Save you from future headache

Hi,

If you have plan for a website to grow steadily from small website to large website that serves the community. In this case which language you will choose for your site to save you from headache of changing it in the near future and just stick with it?

English - English (UK), English(USA) is quite common. Translation in various popular languages is also available on may tools. It may help to popularise it in those countries, where english is not used.

coldfusion

I assume you mean programming language and not the language for the displayed content.

In either case, (x)html will be involved as a minimum.

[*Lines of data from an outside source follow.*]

lemma sum_atMost_shift_vanishing:
  fixes f :: "nat \<Rightarrow> 'a::comm_monoid_add"
  assumes "\<forall>i>N. f i = 0"
  shows "(\<Sum>i\<le>N. f i) = f 0 + (\<Sum>i\<le>N. f (Suc i))"
proof -
  have "(\<Sum>i\<le>N. f i) = (\<Sum>i\<le>Suc N. f i)" using assms by simp
  also have "\<dots> = f 0 + (\<Sum>i\<le>N. f (Suc i))" by (rule sum.atMost_Suc_shift)
  finally show ?thesis .
qed

lemma coef_matrix_Suc_row:
  assumes "\<mu> > 0" and c: "\<forall>i>N. c i = 0"
  shows "(\<Sum>i\<le>N. coef_matrix \<mu> (Suc k) i * c i) = (\<Sum>m\<le>N. coef_matrix \<mu> k m * laplacian_coefs \<mu> c m)"
proof -
  let ?A = "coef_matrix \<mu>"
  have "(\<Sum>i\<le>N. ?A (Suc k) i * c i) = (\<Sum>i\<le>N. ?A (Suc k) (Suc i) * c (Suc i))"
    by (subst sum_atMost_shift_vanishing) (simp_all add: c coef_matrix_below_diag)
  also have "\<dots> = ?A (Suc k) 1 * c 1 + (\<Sum>m\<le>N. ?A (Suc k) (m + 2) * c (m + 2))"
    by (subst sum_atMost_shift_vanishing) (simp_all add: c numeral_2_eq_2)
  also have "\<dots> = -4 * \<mu> * ?A k 0 * c 1 + (\<Sum>m\<le>N. (4 * (real m + 2) * (real m + 1) * ?A k m
                    - 4 * (real m + 2) * (real m + 1 + \<mu>) * ?A k (m + 1)) * c (m + 2))"
    by (simp only: coef_matrix_Suc_1 coef_matrix_Suc_add_2[OF \<open>\<mu> > 0\<close>])
  also have "\<dots> = (\<Sum>m\<le>N. ?A k m * laplacian_coefs \<mu> c m)"
  proof -
    have "(\<Sum>m\<le>N. ?A k m * (4 * (real m + 1) * (real m + \<mu>) * c (m + 1))) =
        ?A k 0 * (4 * \<mu> * c 1) + (\<Sum>m\<le>N. ?A k (m + 1) * (4 * (real m + 2) * (real m + 1 + \<mu>) * c (m + 2)))"
      by (subst sum_atMost_shift_vanishing) (simp_all add: c algebra_simps numeral_2_eq_2)
    then show ?thesis
      unfolding laplacian_coefs_def
      by (simp add: algebra_simps sum_subtractf sum.distrib sum_distrib_left)
  qed
  finally show ?thesis .
qed

definition coef_system :: "real \<Rightarrow> nat \<Rightarrow> (nat \<Rightarrow> real) \<Rightarrow> bool" where
  "coef_system \<mu> j c \<longleftrightarrow>
     (\<forall>i>j. c i = 0) \<and> (\<forall>k\<le>j. (\<Sum>i\<le>j. coef_matrix \<mu> k i * c i) = (if k = j then 1 else 0))"

lemma sum_coef_matrix_atLeastAtMost:
  "k \<le> j \<Longrightarrow> (\<Sum>i\<le>j. coef_matrix \<mu> k i * c i) = (\<Sum>i=k..j. coef_matrix \<mu> k i * c i)"
  by (rule sum.mono_neutral_right) (auto simp: coef_matrix_below_diag)

lemma coef_system_ex1:
  assumes "\<mu> > 0"
  shows "\<exists>!c. coef_system \<mu> j c"
proof -
  have diag: "\<forall>k\<le>j. coef_matrix \<mu> k k \<noteq> 0" using coef_matrix_diag_neq_0[OF assms] by auto
  obtain c where c: "\<forall>i>j. c i = 0"
    "\<forall>k\<le>j. (\<Sum>i=k..j. coef_matrix \<mu> k i * c i) = (if k = j then 1 else 0)"
    using upper_triangular_system_solvable[where a = "coef_matrix \<mu>" and b = "\<lambda>k. if k = j then 1 else 0", OF diag]
    by blast
  have "coef_system \<mu> j c" using c by (simp add: coef_system_def sum_coef_matrix_atLeastAtMost)
  moreover have "c' = c" if "coef_system \<mu> j c'" for c'
  proof
    fix i
    have "(\<lambda>i. c' i - c i) i = 0"
    proof (rule upper_triangular_system_homogeneous[where a = "coef_matrix \<mu>", OF diag])
      show "\<forall>i>j. c' i - c i = 0" using that c by (auto simp: coef_system_def)
      show "\<forall>k\<le>j. (\<Sum>i=k..j. coef_matrix \<mu> k i * (c' i - c i)) = 0"
        using that c
        by (auto simp: coef_system_def sum_coef_matrix_atLeastAtMost right_diff_distrib sum_subtractf)
    qed
    then show "c' i = c i" by simp
  qed
  ultimately show ?thesis by blast
qed

lemma coef_system_coef:
  assumes "d > 0"
  shows "coef_system (real n + real d / 2) j (coef d n j)"
proof -
  let ?\<mu> = "real n + real d / 2"
  have "coef d n j = (THE c. coef_system ?\<mu> j c)"
    unfolding coef_def
    by (intro arg_cong[where f = The] ext)
      (simp only: sum_distrib_left coef_system_def sum_coef_matrix_atLeastAtMost cong: imp_cong,
        simp add: coef_matrix_def mult.assoc)
  moreover have "?\<mu> > 0" using assms by simp
  ultimately show ?thesis by (simp add: theI'[OF coef_system_ex1])
qed

lemma coef_system_laplacian_coefs:
  assumes "\<mu> > 0" and c: "coef_system \<mu> (Suc j) c"
  shows "coef_system \<mu> j (laplacian_coefs \<mu> c)"
proof -
  have c_supp: "\<forall>i>Suc j. c i = 0" using c by (simp add: coef_system_def)
  then have supp: "\<forall>i>j. laplacian_coefs \<mu> c i = 0" by (simp add: laplacian_coefs_def)
  have "(\<Sum>i\<le>j. coef_matrix \<mu> k i * laplacian_coefs \<mu> c i) = (if k = j then 1 else 0)"
    if "k \<le> j" for k
  proof -
    have "(\<Sum>i\<le>j. coef_matrix \<mu> k i * laplacian_coefs \<mu> c i)
          = (\<Sum>i\<le>Suc j. coef_matrix \<mu> k i * laplacian_coefs \<mu> c i)"
      using supp by simp
    also have "\<dots> = (\<Sum>i\<le>Suc j. coef_matrix \<mu> (Suc k) i * c i)"
      by (rule coef_matrix_Suc_row[OF \<open>\<mu> > 0\<close> c_supp, symmetric])
    also have "\<dots> = (if k = j then 1 else 0)" using c that by (simp add: coef_system_def)
    finally show ?thesis .
  qed
  with supp show ?thesis by (simp add: coef_system_def)
qed

lemma coef_system_at_0:
  assumes "coef_system \<mu> j c"
  shows "c 0 = (if j = 0 then 1 else 0)"
proof -
  have "(\<Sum>i\<le>j. coef_matrix \<mu> 0 i * c i) = (\<Sum>i\<le>j. if i = 0 then c 0 else 0)"
    by (rule sum.cong) (auto simp: coef_matrix_0)
  then have "(\<Sum>i\<le>j. coef_matrix \<mu> 0 i * c i) = c 0" by simp
  then show ?thesis using assms unfolding coef_system_def by (metis le0)
qed

definition coef_poly :: "(nat \<Rightarrow> real) \<Rightarrow> nat \<Rightarrow> real poly" where
  "coef_poly c N = (\<Sum>i\<le>N. monom (c i) i)"

lemma coeff_coef_poly: "\<forall>i>N. c i = 0 \<Longrightarrow> coeff (coef_poly c N) = c"
  by (auto simp: coef_poly_def coeff_sum coeff_monom fun_eq_iff not_le)

lemma poly_coef_poly: "poly (coef_poly c N) s = (\<Sum>i\<le>N. c i * s ^ i)"
  by (simp add: coef_poly_def poly_sum poly_monom)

in terms of ease of scaling up and maintaining your website in the future the best single piece of advice I can offer is to not use tables as your method for building the “skeleton” of your page layout and to use validated html markup and css.

in terms of back-end programming, my skills are in javascript, php and sql and all are fairly easy to scale up or scale down provided you are at least reasonably skilled in using them.

I don’t think it’s the actual language so much that influences scalability and maintenance, it’s the way you design and build your code. Any language, including javascript and php, can be a nightmare to maintain in the future if it wasn’t carefully built in the first place.

I would also discourage developers from using 3rd party wysiwyg or cms applications to build the websites for them unless you really have to.

Imho it is much better to code it up yourself, if you can, so you can customise it totally rather than be restricted by any limitations of 3rd party applications.

PHP Isn’t going anywhere but up and out. It’s growing and expanding every day, it’s the most popular development language on the web. Aside from that, other languages, ie: .ASP and Cold Fusion are oldhat and can not run on any server. They require special softwares on the backend.

Your best bet would be to stick with PHP / MySQL.

HUH ?!?!?

I like PHP and MySQL fine and think its a good choice.

What I’m questioning is the “cannot run on any server”. There are plenty of hosts that support other languages.

And the “special softwares” requirement, well, PHP requires the PHP engine.

(X)HTML and CSS are really a prerequisite for learning how to build, grow and expand a website. Yes you can avoid messing with it these days and still build a website, but you will run into design issues in the future and knowing how to fix them yourself will definitely save you a headache.

From a development standpoint, I would make sure you set out exactly what you want your website to offer feature-wise before you start building anything. Most websites do not require a bespoke CMS, but some do - and you will want to find out which CMS is right for you if any right at the start.

There are many CMSs to choose from, each with a different focus. Wordpress for blogging, or ModX for simple sites, or vBulletin for forums, or Drupal for very complex sites, or Silverstripe, or ExpressionEngine… Picking the right tools for your development will save you a lot of time going forward, and a knowledge of the relevant database/language for it will definitely help as well. Many of the most popular scripts are PHP and MySQL based, but ASP, CFM, and other options also have their benefits and specialised tools.